Slipping back into the cold comfort of curling in Sochi

The ebb and flow of ‘lawn bowls on ice’ makes for easy viewing despite the low temperatures indoors

Great Britain’s Skip Eve Muirhead in action during their Curling Round Robin match against Sweden at  the Ice Cube Curling Centre. Pihotograph: Andrew Milligan/PA Wire.

Great Britain’s Skip Eve Muirhead in action during their Curling Round Robin match against Sweden at the Ice Cube Curling Centre. Pihotograph: Andrew Milligan/PA Wire.

Tue, Feb 11, 2014, 01:00

The cold hits you in the face the second you close the door behind you. Harsh on the nostrils, wet on the eyes. This is it, finally. Winter cold at the Winter Olympics. You grab your coat by the sleeve-ends and zip it up to the neck.

Fish in your bag for that arctic-grade Cossack hat that seemed a bit much at the time you bought it but makes you feel pretty clever now. Take your seat and look around you, thinking what everyone else is thinking. Air conditioning is a bitch.

It was another day of blue skies and warm air in Sochi yesterday, with the temperatures getting up to 16 Celsius. So balmy was it up on the mountain that they had to cancel practice on the ski jump because the snow in the landing area was melting. If you wanted any sense of what it was to be around winter sport, you had to go indoors.

To the curling, then, in the aptly named Ice Cube. For the Winter Olympics agnostic, curling is the very essence of the games. A sport to watch out of curiosity for these two weeks and then under no circumstances allow your eye to wander towards even once in the next four years. Grimly slow, monotonously watchable and quite, quite odd.


Vaguely exciting
The opening group matches held the floor at the Ice Cube all day yesterday, men in the morning and evening, women in the afternoon.
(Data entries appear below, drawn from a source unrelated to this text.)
(* Let $G=(V,E)$ be an undirected graph and $\mu$ an orientation of its edges. Let $\mathcal D$ be an AD paths decomposition of $(G,\mu)$ with degree at most 1. Coloring each path in $\mathcal D$ using two alternating colors yields an oriented degree-splitting $(E_1,E_2)$ of $(G,\mu)$ with discrepancy at most 1.
   Context: A path here is a trail $P=(v_0,e_1,v_1,\dots,e_k,v_k)$ (a walk with pairwise distinct edges, vertices may repeat; if $v_0=v_k$ it is called a cycle). $P$ is an alternating-directions (AD) path if for every $1\le i<k$, the edges $e_i,e_{i+1}$ are either both oriented (under $\mu$) towards $v_i$ or both oriented away from $v_i$. $v_0$ is an incoming endpoint of $P$ if $e_1$ is oriented towards $v_0$, and an outgoing endpoint otherwise; symmetrically $v_k$ is an incoming endpoint if $e_k$ is oriented towards $v_k$, and an outgoing endpoint otherwise. An AD paths decomposition of $(G,\mu)$ with degree at most $\kappa$ is a partition of $E$ into edge-disjoint AD paths such that each vertex is an incoming endpoint of at most $\kappa$ of these paths and an outgoing endpoint of at most $\kappa$ of these paths. Coloring a path with two alternating colors means consecutive edges $e_i,e_{i+1}$ of the path receive opposite colors (one of two colors). An oriented degree-splitting with discrepancy $\kappa$ is a partition $(E_1,E_2)$ of $E$ such that for every vertex $v$, the numbers of incoming edges at $v$ in $E_1$ and in $E_2$ differ by at most $\kappa$, and the numbers of outgoing edges at $v$ in $E_1$ and in $E_2$ differ by at most $\kappa$. *)

theory Defs
  imports Main
begin

text \<open>An undirected graph G = (V,E) together with an orientation mu is represented by
  an edge set E of abstract edges and two functions tail, head giving, for each edge,
  the endpoint it is oriented away from (tail) and towards (head) under mu.\<close>

definition oriented_graph :: "'v set \<Rightarrow> 'e set \<Rightarrow> ('e \<Rightarrow> 'v) \<Rightarrow> ('e \<Rightarrow> 'v) \<Rightarrow> bool" where
  "oriented_graph V E tail head \<longleftrightarrow> finite V \<and> finite E \<and>
     (\<forall>e\<in>E. tail e \<in> V \<and> head e \<in> V \<and> tail e \<noteq> head e) \<and>
     inj_on (\<lambda>e. {tail e, head e}) E"

text \<open>A trail P = (v0, e1, v1, ..., ek, vk): vertex list vs (length k+1), edge list es
  (length k), pairwise distinct edges, e_(i+1) joins v_i and v_(i+1).\<close>

definition trail :: "'e set \<Rightarrow> ('e \<Rightarrow> 'v) \<Rightarrow> ('e \<Rightarrow> 'v) \<Rightarrow> 'v list \<times> 'e list \<Rightarrow> bool" where
  "trail E tail head P \<longleftrightarrow> (case P of (vs, es) \<Rightarrow>
     length vs = length es + 1 \<and> distinct es \<and> set es \<subseteq> E \<and>
     (\<forall>i<length es. {tail (es ! i), head (es ! i)} = {vs ! i, vs ! Suc i}))"

definition ad_path :: "'e set \<Rightarrow> ('e \<Rightarrow> 'v) \<Rightarrow> ('e \<Rightarrow> 'v) \<Rightarrow> 'v list \<times> 'e list \<Rightarrow> bool" where
  "ad_path E tail head P \<longleftrightarrow> trail E tail head P \<and> (case P of (vs, es) \<Rightarrow>
     es \<noteq> [] \<and>
     (\<forall>i. 0 < i \<and> i < length es \<longrightarrow>
        (head (es ! (i - 1)) = vs ! i \<and> head (es ! i) = vs ! i) \<or>
        (tail (es ! (i - 1)) = vs ! i \<and> tail (es ! i) = vs ! i)))"

definition incoming_endpoint :: "('e \<Rightarrow> 'v) \<Rightarrow> 'v \<Rightarrow> 'v list \<times> 'e list \<Rightarrow> bool" where
  "incoming_endpoint head v P \<longleftrightarrow> (case P of (vs, es) \<Rightarrow>
     (v = vs ! 0 \<and> head (es ! 0) = v) \<or> (v = last vs \<and> head (last es) = v))"

definition outgoing_endpoint :: "('e \<Rightarrow> 'v) \<Rightarrow> 'v \<Rightarrow> 'v list \<times> 'e list \<Rightarrow> bool" where
  "outgoing_endpoint head v P \<longleftrightarrow> (case P of (vs, es) \<Rightarrow>
     (v = vs ! 0 \<and> head (es ! 0) \<noteq> v) \<or> (v = last vs \<and> head (last es) \<noteq> v))"

definition ad_decomposition ::
  "'v set \<Rightarrow> 'e set \<Rightarrow> ('e \<Rightarrow> 'v) \<Rightarrow> ('e \<Rightarrow> 'v) \<Rightarrow> ('v list \<times> 'e list) set \<Rightarrow> nat \<Rightarrow> bool" where
  "ad_decomposition V E tail head D \<kappa> \<longleftrightarrow>
     finite D \<and>
     (\<forall>P\<in>D. ad_path E tail head P) \<and>
     (\<forall>P\<in>D. \<forall>Q\<in>D. P \<noteq> Q \<longrightarrow> set (snd P) \<inter> set (snd Q) = {}) \<and>
     (\<Union>P\<in>D. set (snd P)) = E \<and>
     (\<forall>v\<in>V. card {P\<in>D. incoming_endpoint head v P} \<le> \<kappa> \<and>
             card {P\<in>D. outgoing_endpoint head v P} \<le> \<kappa>)"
We went to see the women, since it was they who made the sport’s first impression on the outside world when the British team win gold in Salt Lake 12 years ago.

When it turns out that the schoolteachery captain (actually, they say “skip” in curling) of that 2002 team is now the schoolmistressy head coach of the current side, it feels vaguely exciting.

Curling built up a cult following during those Salt Lake games, most especially among late-night wasters who didn’t want to peel themselves off the couch and go to bed.

When Rhona Martin sent down the death-or-glory last stone in the final to take gold, many of us could scarce forebear to weep. Well, we rubbed our eyes at any rate. It was about three in the morning after all and there may or may not have been drink taken.

Anyway, she’s Rhona Howie now and her team of screechy young Scots got their Olympics underway against Sweden yesterday. It only took a few ends to get the ebbs and flows and tos and fros of curling back on the eye. Lawn bowls on ice, basically.